_What you need to do:_ From the records below, please return each line that holds the word "lmart".

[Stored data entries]
:::
lemma normalized_deviation_le:
  assumes a: "trig_poly a" and nrm: "ipN N \<psi> \<psi> = 1"
    and vanish: "\<And>m. real_of_int \<bar>m\<bar> \<ge> d \<Longrightarrow> fcoef a m = 0"
    and coef: "\<And>m. cmod (fcoef a m) \<le> B * r" and "0 \<le> B" and "0 < r" and "r \<le> mu a"
  shows "cmod (ipN N (OpN N \<kappa> (\<lambda>y. a (y - q)) \<psi>) \<psi> / complex_of_real (mu (\<lambda>y. a (y - q))) - 1)
    \<le> B * (\<Sum>m\<in>nonzero_freqs d. cmod (ipN N (TN N \<kappa> (m, 0) \<psi>) \<psi>))"
proof -
  define S where "S = (\<Sum>m\<in>nonzero_freqs d. e2pi (- (real_of_int m * q)) * fcoef a m * ipN N (TN N \<kappa> (m, 0) \<psi>) \<psi>)"
  define \<Sigma> where "\<Sigma> = (\<Sum>m\<in>nonzero_freqs d. cmod (ipN N (TN N \<kappa> (m, 0) \<psi>) \<psi>))"
  have mu_pos: "mu a > 0"
    using assms by linarith
  have "cmod S \<le> (\<Sum>m\<in>nonzero_freqs d. B * r * cmod (ipN N (TN N \<kappa> (m, 0) \<psi>) \<psi>))"
    unfolding S_def
    by (rule order.trans[OF norm_sum sum_mono]) (simp add: norm_mult coef mult_right_mono)
  also have "\<dots> = r * (B * \<Sigma>)"
    by (simp add: \<Sigma>_def sum_distrib_left ac_simps)
  also have "\<dots> \<le> mu a * (B * \<Sigma>)"
    using assms by (intro mult_right_mono) (auto simp: \<Sigma>_def sum_nonneg)
  finally have "cmod S / mu a \<le> B * \<Sigma>"
    using mu_pos by (simp add: divide_le_eq mult.commute)
  moreover have "ipN N (OpN N \<kappa> (\<lambda>y. a (y - q)) \<psi>) \<psi> / complex_of_real (mu (\<lambda>y. a (y - q))) - 1
      = S / complex_of_real (mu a)"
    using ipN_OpN_shift_eq[OF a nrm vanish, where \<kappa>=\<kappa> and q=q] trig_poly_mu_shift[OF a, of q] mu_pos
    unfolding S_def by (simp add: field_simps)
  ultimately show ?thesis
    using mu_pos by (simp add: norm_divide \<Sigma>_def)
qed
lemma martingale_quadratic_variation_bounded_in_prob:
  fixes X :: "real \<Rightarrow> 'a \<Rightarrow> real"
  assumes filt: "is_filtration M F" and mart: "martingale_on M F t T X"
    and P: "partition_seq t T p N"
    and bounded: "AE \<omega> in M. \<exists>B. \<forall>u\<in>{t..T}. \<bar>X u \<omega>\<bar> \<le> B"
  shows "bounded_in_prob M (quadratic_variation_sum X p N)"
proof -
  have adapted: "adapted_on F t T X" using mart unfolding martingale_on_def by blast
  have X [measurable]: "X (p n k) \<in> borel_measurable M" if "k \<le> N n" for n k
    using adapted_on_measurable[OF filt adapted partition_seq_in[OF P that]] .
  define G where "G c = (\<Union>n. \<Union>k\<in>{..N n}. {\<omega>\<in>space M. real c < \<bar>X (p n k) \<omega>\<bar>})" for c :: nat
  have G_events: "G c \<in> events" for c
    unfolding G_def by (intro sets.countable_UN' sets.finite_UN) (auto intro: X)
  \<comment> \<open>Off G c the path stays in [-c, c], where the Huber function is the square.\<close>
  show ?thesis
  proof (rule bounded_in_prob_localize[where G=G and Z'="\<lambda>c. huber_remainder_sum (real c) X p N"])
    show "(\<lambda>c. prob (G c)) \<longlonglongrightarrow> 0"
    proof (rule prob_tendsto_0_if_AE_eventually_notin[OF G_events])
      show "AE \<omega> in M. eventually (\<lambda>c. \<omega> \<notin> G c) sequentially"
        using bounded
      proof eventually_elim
        case (elim \<omega>)
        then obtain B where B: "\<And>u. u \<in> {t..T} \<Longrightarrow> \<bar>X u \<omega>\<bar> \<le> B" by blast
        obtain c0 :: nat where "B \<le> real c0" using real_arch_simple by blast
        then have "\<bar>X (p n k) \<omega>\<bar> \<le> real c" if "c0 \<le> c" "k \<le> N n" for c n k
          using B[OF partition_seq_in[OF P that(2)]] that(1) by (meson order_trans of_nat_le_iff)
        then show ?case
          unfolding eventually_sequentially G_def by (intro exI[of _ c0]) (auto simp: not_less)
      qed
    qed
    show "bounded_in_prob M (huber_remainder_sum (real c) X p N)" for c
      using integral_huber_remainder_sum[OF filt mart P, of "real c"]
      by (intro bounded_in_prob_if_integral_le huber_remainder_sum_nonneg) auto
    show "huber_remainder_sum (real c) X p N n \<in> borel_measurable M" for c n
      using integral_huber_remainder_sum(1)[OF filt mart P, of "real c"] by auto
    show "\<bar>quadratic_variation_sum X p N n \<omega>\<bar> \<le> \<bar>huber_remainder_sum (real c) X p N n \<omega>\<bar>"
      if "\<omega> \<in> space M - G c" for c n \<omega>
      using that quadratic_variation_sum_nonneg
      by (subst quadratic_variation_sum_eq_huber_remainder_sum[of N n X p \<omega> "real c"])
         (auto simp: G_def not_less)
  qed (use quadratic_variation_sum_measurable[OF filt adapted P] G_events in auto)
qed

lemma local_martingale_quadratic_variation_bounded_in_prob:
  fixes X :: "real \<Rightarrow> 'a \<Rightarrow> real"
  assumes filt: "is_filtration M F" and lmart: "cont_local_martingale_on M F t T X"
    and P: "partition_seq t T p N"
  shows "bounded_in_prob M (quadratic_variation_sum X p N)"
proof -
  obtain \<tau> :: "nat \<Rightarrow> 'a \<Rightarrow> real" where st: "\<And>m. stopping_time F (\<tau> m)"
    and reach: "AE \<omega> in M. (\<forall>m. \<tau> m \<omega> \<le> \<tau> (Suc m) \<omega>) \<and> (\<exists>m. T \<le> \<tau> m \<omega>)"
    and stopped: "\<And>m. martingale_on M F t T (\<lambda>u \<omega>. X (max t (min u (\<tau> m \<omega>))) \<omega>)"
    and adapted: "adapted_on F t T X" and cont: "continuous_paths_on M t T X"
    using lmart unfolding cont_local_martingale_on_def by blast
  define G where "G m = {\<omega>\<in>space M. \<tau> m \<omega> < T}" for m
  have G_events: "G m \<in> events" for m
    using stopping_time_measurable[OF filt st] unfolding G_def by measurable
  show ?thesis
  proof (rule bounded_in_prob_localize[where G=G and
        Z'="\<lambda>m. quadratic_variation_sum (\<lambda>u \<omega>. X (max t (min u (\<tau> m \<omega>))) \<omega>) p N"])
    show "(\<lambda>m. prob (G m)) \<longlonglongrightarrow> 0"
    proof (rule prob_tendsto_0_if_AE_eventually_notin[OF G_events])
      show "AE \<omega> in M. eventually (\<lambda>m. \<omega> \<notin> G m) sequentially"
        using reach
      proof eventually_elim
        case (elim \<omega>)
        then obtain m0 where "T \<le> \<tau> m0 \<omega>" by blast
        moreover have "\<tau> m0 \<omega> \<le> \<tau> m \<omega>" if "m0 \<le> m" for m
          using lift_Suc_mono_le[of "\<lambda>m. \<tau> m \<omega>"] elim that by blast
        ultimately have "T \<le> \<tau> m \<omega>" if "m0 \<le> m" for m
          using that by (meson order_trans)
        then show ?case
          unfolding eventually_sequentially G_def by (intro exI[of _ m0]) (auto simp: not_less)
      qed
    qed
    show "bounded_in_prob M (quadratic_variation_sum (\<lambda>u \<omega>. X (max t (min u (\<tau> m \<omega>))) \<omega>) p N)" for m
    proof (rule martingale_quadratic_variation_bounded_in_prob[OF filt stopped P])
      show "AE \<omega> in M. \<exists>B. \<forall>u\<in>{t..T}. \<bar>X (max t (min u (\<tau> m \<omega>))) \<omega>\<bar> \<le> B"
        using cont unfolding continuous_paths_on_def
      proof eventually_elim
        case (elim \<omega>)
        then obtain B where "\<And>u. u \<in> {t..T} \<Longrightarrow> \<bar>X u \<omega>\<bar> \<le> B"
          using bounded_on_Icc_if_continuous by blast
        then show ?case by (intro exI[of _ B]) auto
      qed
    qed
    show "quadratic_variation_sum (\<lambda>u \<omega>. X (max t (min u (\<tau> m \<omega>))) \<omega>) p N n \<in> borel_measurable M" for m n
      using stopped[of m] unfolding martingale_on_def by (intro quadratic_variation_sum_measurable[OF filt _ P]) blast
    show "\<bar>quadratic_variation_sum X p N n \<omega>\<bar>
        \<le> \<bar>quadratic_variation_sum (\<lambda>u \<omega>. X (max t (min u (\<tau> m \<omega>))) \<omega>) p N n \<omega>\<bar>"
      if "\<omega> \<in> space M - G m" for m n \<omega>
    proof -
      have "T \<le> \<tau> m \<omega>" using that unfolding G_def by auto
      then have "X (max t (min (p n k) (\<tau> m \<omega>))) \<omega> = X (p n k) \<omega>" if "k \<le> N n" for k
        using partition_seq_in[OF P that] by (simp add: min_absorb1 max_absorb2)
      then have "quadratic_variation_sum (\<lambda>u \<omega>. X (max t (min u (\<tau> m \<omega>))) \<omega>) p N n \<omega>
          = quadratic_variation_sum X p N n \<omega>"
        unfolding quadratic_variation_sum_def by (intro sum.cong refl) auto
      then show ?thesis by simp
    qed
  qed (use quadratic_variation_sum_measurable[OF filt adapted P] G_events in auto)
qed

lemma bounded_variation_quadratic_variation_bounded_in_prob:
  fixes A :: "real \<Rightarrow> 'a \<Rightarrow> real"
  assumes filt: "is_filtration M F" and adapted: "adapted_on F t T A" and P: "partition_seq t T p N"
    and bv: "AE \<omega> in M. bounded_variation_on t T (\<lambda>u. A u \<omega>)"
  shows "bounded_in_prob M (quadratic_variation_sum A p N)"
proof (rule bounded_in_prob_if_AE_bounded)
  show "AE \<omega> in M. \<exists>B. \<forall>n. \<bar>quadratic_variation_sum A p N n \<omega>\<bar> \<le> B"
    using bv
  proof eventually_elim
    case (elim \<omega>)
    then obtain B where B: "\<And>n q. q 0 = t \<Longrightarrow> q n = T \<Longrightarrow> (\<forall>k<n. q k \<le> q (Suc k)) \<Longrightarrow>
        (\<Sum>k<n. \<bar>A (q (Suc k)) \<omega> - A (q k) \<omega>\<bar>) \<le> B"
      unfolding bounded_variation_on_def by blast
    have "quadratic_variation_sum A p N n \<omega> \<le> B^2" for n
    proof -
      have "(\<Sum>k<N n. \<bar>A (p n (Suc k)) \<omega> - A (p n k) \<omega>\<bar>) \<le> B"
        using P unfolding partition_seq_def by (intro B) (auto intro: less_imp_le)
      then have "(\<Sum>k<N n. \<bar>A (p n (Suc k)) \<omega> - A (p n k) \<omega>\<bar>)^2 \<le> B^2"
        by (intro power_mono) (auto intro: sum_nonneg)
      then show ?thesis
        using sum_power2_le_power2_sum_abs[of "\<lambda>k. A (p n (Suc k)) \<omega> - A (p n k) \<omega>" "N n"]
        unfolding quadratic_variation_sum_def by linarith
    qed
    then show ?case by (intro exI[of _ "B^2"]) (simp add: abs_of_nonneg[OF quadratic_variation_sum_nonneg])
  qed
qed (rule quadratic_variation_sum_measurable[OF filt adapted P])

lemma semimartingale_quadratic_variation_bounded_in_prob:
  fixes S :: "real \<Rightarrow> 'a \<Rightarrow> real"
  assumes filt: "is_filtration M F" and smart: "cont_semimartingale_on M F t T S"
    and P: "partition_seq t T p N"
  shows "bounded_in_prob M (quadratic_variation_sum S p N)"
proof -
  obtain X A where lmart: "cont_local_martingale_on M F t T X" and adapted_A: "adapted_on F t T A"
    and bv: "AE \<omega> in M. bounded_variation_on t T (\<lambda>u. A u \<omega>)"
    and decomp: "AE \<omega> in M. X t \<omega> = 0 \<and> A t \<omega> = 0 \<and> (\<forall>u\<in>{t..T}. S u \<omega> = S t \<omega> + X u \<omega> + A u \<omega>)"
    using smart unfolding cont_semimartingale_on_def by blast
  have adapted_S: "adapted_on F t T S" and adapted_X: "adapted_on F t T X"
    using smart lmart unfolding cont_semimartingale_on_def cont_local_martingale_on_def by blast+
  have [measurable]: "quadratic_variation_sum S p N n \<in> borel_measurable M"
    "quadratic_variation_sum X p N n \<in> borel_measurable M"
    "quadratic_variation_sum A p N n \<in> borel_measurable M" for n
    by (intro quadratic_variation_sum_measurable[OF filt _ P] adapted_S adapted_X adapted_A)+
  have le: "AE \<omega> in M. \<bar>quadratic_variation_sum S p N n \<omega>\<bar>
      \<le> \<bar>2 * quadratic_variation_sum X p N n \<omega>\<bar> + \<bar>2 * quadratic_variation_sum A p N n \<omega>\<bar>" for n
    using decomp
  proof eventually_elim
    case (elim \<omega>)
    have "quadratic_variation_sum S p N n \<omega>
        \<le> 2 * quadratic_variation_sum X p N n \<omega> + 2 * quadratic_variation_sum A p N n \<omega>"
    proof (rule quadratic_variation_sum_add_le)
      fix k assume "k \<le> N n"
      then show "S (p n k) \<omega> = S t \<omega> + X (p n k) \<omega> + A (p n k) \<omega>"
        using elim partition_seq_in[OF P] by blast
    qed
    then show ?case by (simp add: quadratic_variation_sum_nonneg)
  qed
  have bounded_X: "bounded_in_prob M (quadratic_variation_sum X p N)"
    by (rule local_martingale_quadratic_variation_bounded_in_prob[OF filt lmart P])
  have bounded_A: "bounded_in_prob M (quadratic_variation_sum A p N)"
    by (rule bounded_variation_quadratic_variation_bounded_in_prob[OF filt adapted_A P bv])
  show ?thesis
    by (rule bounded_in_prob_add[OF _ _ _ bounded_in_prob_cmult[OF _ bounded_X]
          bounded_in_prob_cmult[OF _ bounded_A] le]) measurable
qed

end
:::
_Output:_
  assumes filt: "is_filtration M F" and lmart: "cont_local_martingale_on M F t T X"
    using lmart unfolding cont_local_martingale_on_def by blast
  obtain X A where lmart: "cont_local_martingale_on M F t T X" and adapted_A: "adapted_on F t T A"
    using smart lmart unfolding cont_semimartingale_on_def cont_local_martingale_on_def by blast+
    by (rule local_martingale_quadratic_variation_bounded_in_prob[OF filt lmart P])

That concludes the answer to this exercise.